The algorithm creates multiple weak models whose output is added together to get an overall prediction. This is ensemble modelling from earlier. The now boosted gradient shifts the current prediction nudging it to the true target, in a similar fashion to how gradient descent moves toward the true values. The gradient descent optimization occurs on the output of the varies models, and not their individual parameters.

In [250]:


from sklearn.datasets import load_wine
# define dataset
X,y = load_wine().data,load_wine().target
X_train, X_test, y_train, y_test = train_test_split(X, y, test_size=0.2, random_state=1)





`Adaptive boosting` or `AdaBoost` is one of the simplest boosting algorithms. Usually, decision trees are used for modelling. Multiple sequential models are created, each correcting the errors from the last model. AdaBoost assigns weights to the observations which are incorrectly predicted and the subsequent model works to predict these values correctly.

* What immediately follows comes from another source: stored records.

lemma orbit_representatives_sign:
  "orbit_representatives {1, -1} L {frac_pt 2 1 0, frac_pt 2 0 1, frac_pt 2 1 1}"
  unfolding orbit_representatives_def
proof (intro conjI ballI impI)
  show "{frac_pt 2 1 0, frac_pt 2 0 1, frac_pt 2 1 1} \<subseteq> branch_lifts {1, -1} L"
    unfolding branch_lifts_def by (auto simp: frac_pt_in_lattice_iff numeral_mult_frac_pt)
next
  fix z assume "z \<in> branch_lifts {1, -1} L"
  then have "z \<notin> L" "2 * z \<in> L" unfolding branch_lifts_def by auto
  then show "\<exists>r\<in>{frac_pt 2 1 0, frac_pt 2 0 1, frac_pt 2 1 1}. \<exists>u\<in>{1, -1}. z - u * r \<in> L"
    by (elim half_lattice_cases) auto
next
  fix r r' u
  assume "r \<in> {frac_pt 2 1 0, frac_pt 2 0 1, frac_pt 2 1 1}"
    "r' \<in> {frac_pt 2 1 0, frac_pt 2 0 1, frac_pt 2 1 1}"
    "u \<in> {1, -1}" "r - u * r' \<in> L"
  then show "r = r'" by (auto simp: frac_pt_diff frac_pt_add frac_pt_in_lattice_iff)
qed

end

locale eisenstein_lattice = torus_lattice a "a * \<omega>" for a \<omega> :: complex +
  assumes cube_root: "\<omega>\<^sup>2 + \<omega> + 1 = 0"
begin

lemma omega_square: "\<omega>\<^sup>2 = - \<omega> - 1"
proof -
  have "\<omega>\<^sup>2 = (\<omega>\<^sup>2 + \<omega> + 1) - \<omega> - 1" by simp
  then show ?thesis unfolding cube_root by simp
qed

lemma omega_mult_frac_pt: "\<omega> * frac_pt d m n = frac_pt d (- n) (m - n)"
proof -
  have "\<omega> * (of_int m * a + of_int n * (a * \<omega>)) = of_int m * (a * \<omega>) + of_int n * a * \<omega>\<^sup>2"
    by (simp add: power2_eq_square algebra_simps)
  also have "\<dots> = of_int (- n) * a + of_int (m - n) * (a * \<omega>)"
    unfolding omega_square by (simp add: algebra_simps)
  finally show ?thesis unfolding frac_pt_def by simp
qed

lemma omega_cube: "\<omega> ^ 3 = 1"
proof -
  have "\<omega> ^ 3 - 1 = (\<omega> - 1) * (\<omega>\<^sup>2 + \<omega> + 1)"
    by (simp add: power2_eq_square power3_eq_cube algebra_simps)
  then show ?thesis using cube_root by simp
qed

lemma omega_ne_one: "\<omega> \<noteq> 1"
  using cube_root by auto

lemma omega_mult_mem_iff: "\<omega> * x \<in> L \<longleftrightarrow> x \<in> L"
proof -
  have mem: "\<omega> * y \<in> L" if y: "y \<in> L" for y
  proof -
    obtain m n where "y = frac_pt 1 m n" by (rule frac_ptE[of 1 y]) (use y in simp_all)
    then show ?thesis by (simp add: omega_mult_frac_pt frac_pt_in_lattice_iff)
  qed
  have "\<omega> * (\<omega> * (\<omega> * x)) = \<omega> ^ 3 * x" by (simp add: power3_eq_cube mult.assoc)
  then have "\<omega> * (\<omega> * (\<omega> * x)) = x" unfolding omega_cube by simp
  then show ?thesis using mem by metis
qed

lemma third_lattice_cases:
  assumes "(1 - \<omega>) * z \<in> L"
  obtains "z \<in> L" | "z - frac_pt 3 2 1 \<in> L" | "z - frac_pt 3 1 2 \<in> L"
proof -
  define w where "w = (1 - \<omega>) * z"
  have "(2 + \<omega>) * (1 - \<omega>) = 2 - \<omega> - \<omega>\<^sup>2" by (simp add: power2_eq_square algebra_simps)
  then have "of_int 3 * z = ((2 + \<omega>) * (1 - \<omega>)) * z" unfolding omega_square by simp
  also have "\<dots> = w + w + \<omega> * w" unfolding w_def by (simp add: algebra_simps)
  finally have z3: "of_int 3 * z \<in> L"
    using assms omega_mult_mem_iff lattice_add unfolding w_def by metis
  obtain m n where z: "z = frac_pt 3 m n" by (rule frac_ptE[of 3 z]) (use z3 in simp_all)
  have "(1 - \<omega>) * z = frac_pt 3 (m + n) (2 * n - m)"
    unfolding z left_diff_distrib omega_mult_frac_pt by (simp add: frac_pt_diff)
  then have "3 dvd m + n" "3 dvd 2 * n - m" using assms by (simp_all add: frac_pt_in_lattice_iff)
  then have "(3 dvd m \<and> 3 dvd n) \<or> (3 dvd m - 2 \<and> 3 dvd n - 1) \<or> (3 dvd m - 1 \<and> 3 dvd n - 2)"
    by presburger
  then show thesis
    using that unfolding z by (simp add: frac_pt_diff frac_pt_in_lattice_iff) blast
qed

Below are the steps for performing the AdaBoost algorithm:

    Initially, all observations in the dataset are given equal weights.
    A model is built on a subset of data.
    Using this model, predictions are made on the whole dataset.
    Errors are calculated by comparing the predictions and actual values.
    While creating the next model, higher weights are given to the data points which were predicted incorrectly.
    Weights can be determined using the error value. For instance, higher the error more is the weight assigned to the observation.
    This process is repeated until the error function does not change, or the maximum limit of the number of estimators is reached.



In [251]:
from sklearn.ensemble import AdaBoostClassifier

ada_boost = AdaBoostClassifier(random_state=1)
ada_boost.fit(X_train, y_train)
ada_boost.score(X_test,y_test)



0.8333333333333334

Parameters

base_estimators:

    It helps to specify the type of base estimator, that is, the machine learning algorithm to be used as base learner.

n_estimators:

    It defines the number of base estimators.
    The default value is 10, but you should keep a higher value to get better performance.

learning_rate:

    This parameter controls the contribution of the estimators in the final combination.
    There is a trade-off between learning_rate and n_estimators.

max_depth:

    Defines the maximum depth of the individual estimator.
    Tune this parameter for best performance.

n_jobs

    Specifies the number of processors it is allowed to use.
    Set value to -1 for maximum processors allowed.

random_state :

    An integer value to specify the random data split.
    A definite value of random_state will always produce same results if given with same parameters and training data.